Comparisons to the former captain have been drawn with young Jordan Rossiter, and with the England Under-19 man making his senior debut for the Reds at the start of this season, we may begin to understand the comparisons soon.
Here we take a better look at the promising youngster…
What position does he play?
Rossiter takes up the central midfield position, playing his best football as a deep-lying playmaker, helping to break up opposition attacks and push the team goalwards with an impressive ability to find players in good positions further up the field with composed and forward thinking passes. A hard worker up and down the pitch, he ensures constant involvement in the game.

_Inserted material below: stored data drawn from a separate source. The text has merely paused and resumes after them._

primrec cap_approx :: "('n, 'a, 'd::flow_domain) graph \<Rightarrow> nat \<Rightarrow> 'n \<Rightarrow> 'n \<Rightarrow> 'd" where
  "cap_approx G 0 = (\<lambda>n n'. 0)"
| "cap_approx G (Suc k) = (\<lambda>n n'. delta n n' + (\<Sum>n''\<in>nodes G. edge G n n'' * cap_approx G k n'' n'))"

lemma mono_cap_approx: "mono (\<lambda>k. cap_approx G k n n')"
  unfolding mono_iff_le_Suc
proof
  show "cap_approx G k n n' \<le> cap_approx G (Suc k) n n'" for k
  proof (induction k arbitrary: n)
    case 0
    show ?case by (simp add: zero_least)
  next
    case (Suc k)
    then show ?case
      by (simp only: cap_approx.simps) (intro add_left_mono sum_mono mult_left_mono zero_least)
  qed
qed

lemma cap_approx_le_solution:
  assumes "cap_eq G c" and "n \<in> nodes G" and "n' \<in> nodes G"
  shows "cap_approx G k n n' \<le> c n n'"
  using assms(2)
proof (induction k arbitrary: n)
  case 0
  show ?case by (simp add: zero_least)
next
  case (Suc k)
  have "cap_approx G (Suc k) n n' \<le> delta n n' + (\<Sum>n''\<in>nodes G. edge G n n'' * c n'' n')"
    using Suc.IH by (simp only: cap_approx.simps) (intro add_left_mono sum_mono mult_left_mono zero_least)
  also have "\<dots> = c n n'"
    using assms(1,3) Suc.prems unfolding cap_eq_def by simp
  finally show ?case .
qed

lemma cap_eq_if_lub_seq_cap_approx:
  assumes "finite (nodes G)"
    and lub: "\<And>n n'. n \<in> nodes G \<Longrightarrow> n' \<in> nodes G \<Longrightarrow> lub_seq (\<lambda>k. cap_approx G k n n') (c n n')"
  shows "cap_eq G c"
  unfolding cap_eq_def
proof (intro ballI)
  fix n n' assume n: "n \<in> nodes G" and n': "n' \<in> nodes G"
  have "lub_seq (\<lambda>k. \<Sum>n''\<in>nodes G. edge G n n'' * cap_approx G k n'' n')
        (\<Sum>n''\<in>nodes G. edge G n n'' * c n'' n')"
    using assms(1) by (intro lub_seq_sum lub_seq_mult_left mono_mult_left mono_cap_approx lub n')
  then have "lub_seq (\<lambda>k. cap_approx G (Suc k) n n') (delta n n' + (\<Sum>n''\<in>nodes G. edge G n n'' * c n'' n'))"
    by (simp add: lub_seq_add_left mono_sum mono_mult_left mono_cap_approx)
  moreover have "lub_seq (\<lambda>k. cap_approx G (Suc k) n n') (c n n')"
    by (rule lub_seq_Suc[OF mono_cap_approx lub[OF n n']])
  ultimately show "c n n' = delta n n' + (\<Sum>n''\<in>nodes G. edge G n n'' * c n'' n')"
    using lub_seq_unique by blast
qed
(* Let $\Sigma$ be a self-converse oriented graph on $n$ vertices such that $\det W(\Sigma)\neq 0$, and let $p$ be an odd prime. Suppose that $\mathrm{rank}_p\,W(\Sigma)=n-1$, where $\mathrm{rank}_p$ denotes rank over $\mathbb{F}_p$. Then $\ker W(\Sigma)^{\mathrm T}\subset\mathbb{F}_p^n$ is anisotropic; that is, if $v\in\mathbb{F}_p^n$, $v\neq 0$, and $W(\Sigma)^{\mathrm T}v=0$ over $\mathbb{F}_p$, then $v^{\mathrm T}v\neq 0$ in $\mathbb{F}_p$.
   Context: An oriented graph $\Sigma$ on vertex set $\{v_1,\dots,v_n\}$ is a simple graph in which every edge has been given a direction. Its skew adjacency matrix $S=S(\Sigma)=(S_{ij})$ is the $n\times n$ matrix with $S_{ij}=1$ if $(v_i,v_j)$ is a (directed) edge, $S_{ij}=-1$ if $(v_j,v_i)$ is an edge, and $S_{ij}=0$ otherwise. The walk-matrix of $\Sigma$ is $W(\Sigma)=[e,Se,\ldots,S^{n-1}e]$, where $e$ is the all-ones vector. $\Sigma$ is self-converse if there is a permutation matrix $P$ with $P^{\mathrm T}SP=S^{\mathrm T}=-S$ (equivalently, $\Sigma$ is isomorphic to the oriented graph obtained by reversing all its edges). A subspace $U\subset\mathbb{F}_p^n$ is anisotropic if $u^{\mathrm T}u\neq0$ for every nonzero $u\in U$. *)

theory Defs
  imports "Jordan_Normal_Form.DL_Rank" "Berlekamp_Zassenhaus.Finite_Field"
begin

text \<open>An oriented graph on vertices 0..n-1 is encoded by its skew adjacency matrix S:
  an n x n integer matrix with entries in {-1,0,1} and S^T = -S
  (S i j = 1 iff (v_i,v_j) is an edge; hence zero diagonal, at most one direction per pair).\<close>
definition skew_adjacency_matrix :: "nat \<Rightarrow> int mat \<Rightarrow> bool" where
  "skew_adjacency_matrix n S \<longleftrightarrow> S \<in> carrier_mat n n \<and>
     (\<forall>i<n. \<forall>j<n. S $$ (i,j) \<in> {-1,0,1}) \<and> transpose_mat S = - S"

definition permutation_matrix :: "nat \<Rightarrow> int mat \<Rightarrow> bool" where
  "permutation_matrix n P \<longleftrightarrow> (\<exists>\<sigma>. \<sigma> permutes {..<n} \<and>
     P = mat n n (\<lambda>(i,j). if \<sigma> j = i then 1 else 0))"

definition self_converse :: "nat \<Rightarrow> int mat \<Rightarrow> bool" where
  "self_converse n S \<longleftrightarrow> (\<exists>P. permutation_matrix n P \<and>
     transpose_mat P * S * P = transpose_mat S)"

definition walk_matrix :: "nat \<Rightarrow> int mat \<Rightarrow> int mat" where
  "walk_matrix n S = mat n n (\<lambda>(i,j). ((S ^\<^sub>m j) *\<^sub>v (vec n (\<lambda>_. 1))) $ i)"

definition mod_p_mat :: "int mat \<Rightarrow> 'p::prime_card mod_ring mat" where
  "mod_p_mat A = map_mat of_int A"

end

theory Submission
  imports Defs
begin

His tough tackling and suitably aggressive playing style means he is also a capable defensive midfielder.
When did he first make name for himself?
The teenager has worked his way up through the Liverpool ranks, starting his career with the Reds at just six years old, climbing up to the Under-19 side when he was just 15, and winning Liverpool’s Academy Player of the Year award at the end of the 2013/14 season. His rapid rise and ferocious work rate saw him awarded a first-team place in 2014, scoring his first goal for the club in a League Cup match against Middlesbrough from 30 yards out.
How far can he go?
At 18, the Liverpool-born man continues to improve, earning great credit from all who work with him. Robbie Fowler has compared him to Gerard, while Adam Lallana named him as the club’s best young player. If he can fulfil what is expected of him, he could go very far, and with the dedication he shows on the field, it isn’t unreasonable to assert that he will.
What’s his best attributes?
Consistently playing well ahead of his age group since joining Liverpool in 2003, captaining the Under-19s to the UEFA Youth League, as well as the England Under-16s demonstrates his advanced maturity and leadership qualities. These qualities are complimented by a natural, raw ability in midfield; intelligent passing with real skill and an attacking brain. All this comes with the added bonus of being very capable and willing to get stuck in, making himself a real nuisance to the opposition.
What could hold him back?
New boss Jurgen Klopp has lamented a recent hamstring injury to Rossiter, after he played three games in five days for the England Under-19s. Such is his talent, that like many others like him, he can be overplayed and injured as a result. But apart from injuries stunting his immediate progress into the first-team squad, one other factor that may weigh heavy is the expectation placed upon his shoulders. Comparisons to club legends at such a young age could be hard to fulfil, but If he can stay focused and grounded, Liverpool will hope this won’t be an issue.